À la Cour pénale internationale, les avocats de
l’ancien président ivoirien ont tenté de convaincre de
l’absence de
preuve contre leur client. Après un mois et demi d’interruption, les
audiences visant à étudier la demande de non-lieu dans ce dossier ont
repris ce lundi.
Voilà des mois que les avocats de Laurent Gbagbo
se préparent à ces audiences. Depuis qu’en juillet, ils ont demandé à
la Cour pénale internationale à plaider le non-lieu, une requête
acceptée par les juges. Ces dernières semaines, elle avait terminé
d’affûter ses arguments. Après que le bureau du procureur a défendu son
dossier, début octobre, et présenté un millier de pages d’arguments, la défense avait demandé un nouveau délai pour les étudier.
Très rare – elle n’a eu lieu qu’une fois, dans l’affaire du
vice-président kényan William Ruto -, cette procédure intervient alors
que les avocats de l’ancien président ivoirien n’ont pas encore présenté
leurs témoins et leurs contre-arguments. Pour eux, cela n’est pas
nécessaire. En deux ans et demi de procès qui ont vu défiler 82 témoins
du procureur, où des milliers de pages ont été étudiées, des heures de
vidéos projetées, l’accusation n’est pas parvenue à démontrer qu’elle
avait des preuves, argue la défense. C’est ce qu’elle s’est employée à
développer durant toute cette journée de lundi.
« L’enjeu c’est la liberté d’un homme présumé innocent »
« Après sept années de prestidigitation de la part de l’accusation,
les ficelles des tours de magie apparaissent au grand jour », a déclaré
Maître Agathe Bahi Baroan, l’une des conseils de l’ancien président
Laurent Gbagbo. Après un long déroulé quelque peu lyrique sur la vie en
Côte d’Ivoire, où l’avocate ivoirienne de Laurent Gbagbo est revenue sur
les « cours familiales » et les « gbakas » [mini-bus], qui illustrent
selon elle le vivre-ensemble ivoirien, elle a argué que le dossier du
procureur « méconnaissait profondément » les réalités du pays. « Les
Ivoiriens sont des gens simples, joyeux et ouverts », a-t-elle déclaré,
avant de regretter que « l’accusation continue de servir des récits qui
ne correspondent en rien à la réalité. » Tout a été construit « sur des
sables mouvants, et on sait dans ces cas là ce qui arrive à l’édifice. »

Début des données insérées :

lemma sum_pairs_Un_Int_by_fibers:
  fixes h :: "'a set \<Rightarrow> 'a set \<Rightarrow> 'b::comm_semiring_1"
  assumes S: "finite S"
  shows "(\<Sum>(C, D)\<in>{C. C \<subseteq> S \<and> card C = a} \<times> {D. D \<subseteq> S \<and> card D = b}. h (C \<union> D) (C \<inter> D))
       = (\<Sum>(I, A)\<in>{(I, A). I \<subseteq> S \<and> A \<subseteq> I \<and> card A \<le> min a b \<and> card I + card A = a + b}.
            of_nat ((card I - card A) choose (a - card A)) * h I A)"
proof -
  define X where "X = {C. C \<subseteq> S \<and> card C = a} \<times> {D. D \<subseteq> S \<and> card D = b}"
  define Y where "Y = {(I, A). I \<subseteq> S \<and> A \<subseteq> I \<and> card A \<le> min a b \<and> card I + card A = a + b}"
  define f where "f = (\<lambda>(C, D). (C \<union> D, C \<inter> D :: 'a set))"
  have "finite X" unfolding X_def by (rule finite_subset[of _ "Pow S \<times> Pow S"]) (use S in auto)
  have "finite Y" unfolding Y_def by (rule finite_subset[of _ "Pow S \<times> Pow S"]) (use S in auto)
  have "f ` X \<subseteq> Y"
  proof (rule image_subsetI)
    fix x assume "x \<in> X"
    then obtain C D where x: "x = (C, D)" "C \<subseteq> S" "D \<subseteq> S" "card C = a" "card D = b"
      by (auto simp: X_def)
    have "finite C" "finite D" using S x(2,3) by (simp_all add: finite_subset)
    hence "card (C \<inter> D) \<le> card C" "card (C \<inter> D) \<le> card D"
      and "card (C \<union> D) + card (C \<inter> D) = card C + card D"
      by (simp_all add: card_mono card_Un_Int[symmetric])
    thus "f x \<in> Y" using x by (auto simp: Y_def f_def)
  qed
  have fiber: "(\<Sum>x | x \<in> X \<and> f x = y. case_prod h (f x))
      = (case y of (I, A) \<Rightarrow> of_nat ((card I - card A) choose (a - card A)) * h I A)" if "y \<in> Y" for y
  proof -
    from \<open>y \<in> Y\<close> obtain I A
      where y: "y = (I, A)" and IA: "I \<subseteq> S" "A \<subseteq> I" "card A \<le> a" "card I + card A = a + b"
      by (auto simp: Y_def)
    have "{x. x \<in> X \<and> f x = y} = {(C, D). card C = a \<and> card D = b \<and> C \<union> D = I \<and> C \<inter> D = A}"
      using IA by (auto simp: X_def f_def y)
    moreover have "finite I" using S IA finite_subset by blast
    ultimately have "card {x. x \<in> X \<and> f x = y} = (card I - card A) choose (a - card A)"
      using IA card_pairs_with_Un_Int[of I A a b] by simp
    moreover have "(\<Sum>x | x \<in> X \<and> f x = y. case_prod h (f x)) = of_nat (card {x. x \<in> X \<and> f x = y}) * h I A"
      by (simp add: y)
    ultimately show ?thesis by (simp add: y)
  qed
  have "(\<Sum>(C, D)\<in>X. h (C \<union> D) (C \<inter> D)) = (\<Sum>x\<in>X. case_prod h (f x))"
    by (simp add: f_def case_prod_unfold)
  also have "\<dots> = (\<Sum>y\<in>Y. \<Sum>x | x \<in> X \<and> f x = y. case_prod h (f x))"
    by (rule sum.group[OF \<open>finite X\<close> \<open>finite Y\<close> \<open>f ` X \<subseteq> Y\<close>, symmetric])
  finally show ?thesis using fiber by (simp add: X_def Y_def)
qed

lemma sum_pairs_Un_Int:
  fixes h :: "'a set \<Rightarrow> 'a set \<Rightarrow> 'b::comm_semiring_1"
  assumes S: "finite S"
  shows "(\<Sum>(C, D)\<in>{C. C \<subseteq> S \<and> card C = a} \<times> {D. D \<subseteq> S \<and> card D = b}. h (C \<union> D) (C \<inter> D))
       = (\<Sum>p\<le>min a b. of_nat ((a + b - 2 * p) choose (a - p)) *
            (\<Sum>I | I \<subseteq> S \<and> card I = p + (a + b - 2 * p). \<Sum>A | A \<subseteq> I \<and> card A = p. h I A))"
proof -
  define Y where "Y = {(I, A). I \<subseteq> S \<and> A \<subseteq> I \<and> card A \<le> min a b \<and> card I + card A = a + b}"
  define c where "c = (\<lambda>(I, A). of_nat ((card I - card A) choose (a - card A)) * h I A)"
  have "finite Y" unfolding Y_def by (rule finite_subset[of _ "Pow S \<times> Pow S"]) (use S in auto)
  have "(\<Sum>y\<in>Y. c y) = (\<Sum>p\<le>min a b. \<Sum>y | y \<in> Y \<and> card (snd y) = p. c y)"
    by (rule sum.group[symmetric, OF \<open>finite Y\<close>]) (auto simp: Y_def)
  also have "\<dots> = (\<Sum>p\<le>min a b. of_nat ((a + b - 2 * p) choose (a - p)) *
            (\<Sum>I | I \<subseteq> S \<and> card I = p + (a + b - 2 * p). \<Sum>A | A \<subseteq> I \<and> card A = p. h I A))"
  proof (intro sum.cong refl)
    fix p assume "p \<in> {..min a b}"
    hence "{y \<in> Y. card (snd y) = p}
        = Sigma {I. I \<subseteq> S \<and> card I = p + (a + b - 2 * p)} (\<lambda>I. {A. A \<subseteq> I \<and> card A = p})"
      by (auto simp: Y_def)
    moreover have "finite {I. I \<subseteq> S \<and> card I = p + (a + b - 2 * p)}" using S by simp
    moreover have "finite {A. A \<subseteq> I \<and> card A = p}" if "I \<subseteq> S" for I
      using finite_subset[OF that S] by simp
    ultimately show "(\<Sum>y | y \<in> Y \<and> card (snd y) = p. c y) = of_nat ((a + b - 2 * p) choose (a - p)) *
            (\<Sum>I | I \<subseteq> S \<and> card I = p + (a + b - 2 * p). \<Sum>A | A \<subseteq> I \<and> card A = p. h I A)"
      by (simp add: sum.Sigma[symmetric] sum_distrib_left c_def)
  qed
  finally show ?thesis using sum_pairs_Un_Int_by_fibers[OF S, of h a b] by (simp add: Y_def c_def)
qed

lemma esym_mult_esym:
  assumes "finite S"
  shows "esym S g a * esym S g b
       = (\<Sum>p\<le>min a b. of_nat ((a + b - 2 * p) choose (a - p)) * monomial_sym_two_one S g p (a + b - 2 * p))"
proof -
  have "esym S g a * esym S g b
      = (\<Sum>(C, D)\<in>{C. C \<subseteq> S \<and> card C = a} \<times> {D. D \<subseteq> S \<and> card D = b}. (\<Prod>i\<in>C. g i) * (\<Prod>i\<in>D. g i))"
    by (simp add: esym_def sum_product sum.cartesian_product)
  also have "\<dots> = (\<Sum>(C, D)\<in>{C. C \<subseteq> S \<and> card C = a} \<times> {D. D \<subseteq> S \<and> card D = b}.
                     (\<Prod>i\<in>C \<inter> D. g i ^ 2) * (\<Prod>i\<in>(C \<union> D) - (C \<inter> D). g i))"
    using assms by (intro sum.cong refl) (auto simp: prod_mult_prod_Un_Int finite_subset)
  also have "\<dots> = (\<Sum>p\<le>min a b. of_nat ((a + b - 2 * p) choose (a - p)) * monomial_sym_two_one S g p (a + b - 2 * p))"
    using sum_pairs_Un_Int[OF assms, of "\<lambda>I A. (\<Prod>i\<in>A. g i ^ 2) * (\<Prod>i\<in>I - A. g i)"]
    by (simp add: monomial_sym_two_one_def)
  finally show ?thesis .
qed

lemma sum_reflected_binomial_index:
  fixes f :: "nat \<Rightarrow> nat \<Rightarrow> 'b::comm_semiring_1"
  shows "(\<Sum>j=0..a. let k = int b - int a + 2 * int j in
            if k < 0 then 0 else of_nat (nat k choose j) * f (a - j) (nat k))
       = (\<Sum>p\<le>min a b. of_nat ((a + b - 2 * p) choose (a - p)) * f p (a + b - 2 * p))"
proof -
  have summand: "(let k = int b - int a + 2 * int (a - p) in
                 if k < 0 then 0 else of_nat (nat k choose (a - p)) * f p (nat k))
            = (if p \<le> b then of_nat ((a + b - 2 * p) choose (a - p)) * f p (a + b - 2 * p) else 0)"
    if "p \<le> a" for p
  proof (cases "p \<le> b")
    case True
    hence "nat (int b - int a + 2 * int (a - p)) = a + b - 2 * p" using that by linarith
    thus ?thesis using True that by (simp add: Let_def)
  next
    case False
    hence "int b - int a + 2 * int (a - p) < 0 \<or> nat (int b - int a + 2 * int (a - p)) < a - p"
      using that by linarith
    thus ?thesis using False by (auto simp: Let_def binomial_eq_0)
  qed
  have "(\<Sum>j=0..a. let k = int b - int a + 2 * int j in
            if k < 0 then 0 else of_nat (nat k choose j) * f (a - j) (nat k))
      = (\<Sum>p=0..a. let k = int b - int a + 2 * int (a - p) in
            if k < 0 then 0 else of_nat (nat k choose (a - p)) * f p (nat k))"
    by (rule sum.reindex_bij_witness[of _ "\<lambda>j. a - j" "\<lambda>j. a - j"]) (auto simp: Let_def)
  also have "\<dots> = (\<Sum>p=0..a. if p \<le> b then of_nat ((a + b - 2 * p) choose (a - p)) * f p (a + b - 2 * p) else 0)"
    by (intro sum.cong refl summand) simp
  also have "\<dots> = (\<Sum>p\<le>min a b. of_nat ((a + b - 2 * p) choose (a - p)) * f p (a + b - 2 * p))"
    by (simp add: sum.If_cases) (intro sum.cong; auto)
  finally show ?thesis .
qed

L’enjeu c’est la liberté d’un homme présumé innocent. Un homme contre lequel rien de convaincant n’a été opposé
Avant elle, Maître Emmanuel Altit avait dénoncé les méthodes du
Procureur. La défense estime que l’accusation a été incapable de
rassembler des preuves. « La seule solution qu’a trouvé le Procureur,
c’est d’inventer une autre réalité. Il tente de démontrer que pendant la
crise ivoirienne il y avait une structure parallèle en le postulant
mais il n’a trouvé personne allant dans ce sens. Il n’a trouvé personne
allant dans le sens d’un plan commun », a développé l’avocat principal
de Laurent Gbgbo. « La question n’est pas de savoir si les éléments de
preuve sont convaincants mais si le procureur dispose de preuve. La
réponse est non », a-t-il déclaré, cinglant. « L’enjeu c’est la liberté
d’un homme présumé innocent. Un homme contre lequel rien de convaincant
n’a été opposé », a-t-il conclu.
Arrêté après des mois de combats et de différents post-électoraux dans la résidence présidentielle de Cocody en avril 2011,
Laurent Gbagbo a été transféré au pénitencier de la Cour pénale
internationale sept mois plus tard. L’ex-chef d’État est jugé pour
crimes de guerre et crimes contre l’humanité depuis janvier 2016. Alors
que sa femme, Simone Gbagbo, a été amnistiée en août dernier
par le président ivoirien Alassane Ouattara, les soutiens de l’ancien
couple présidentiel veulent croire à la libération imminente de leur
leader. Les audiences se poursuivront mardi 13 et mercredi 14 novembre.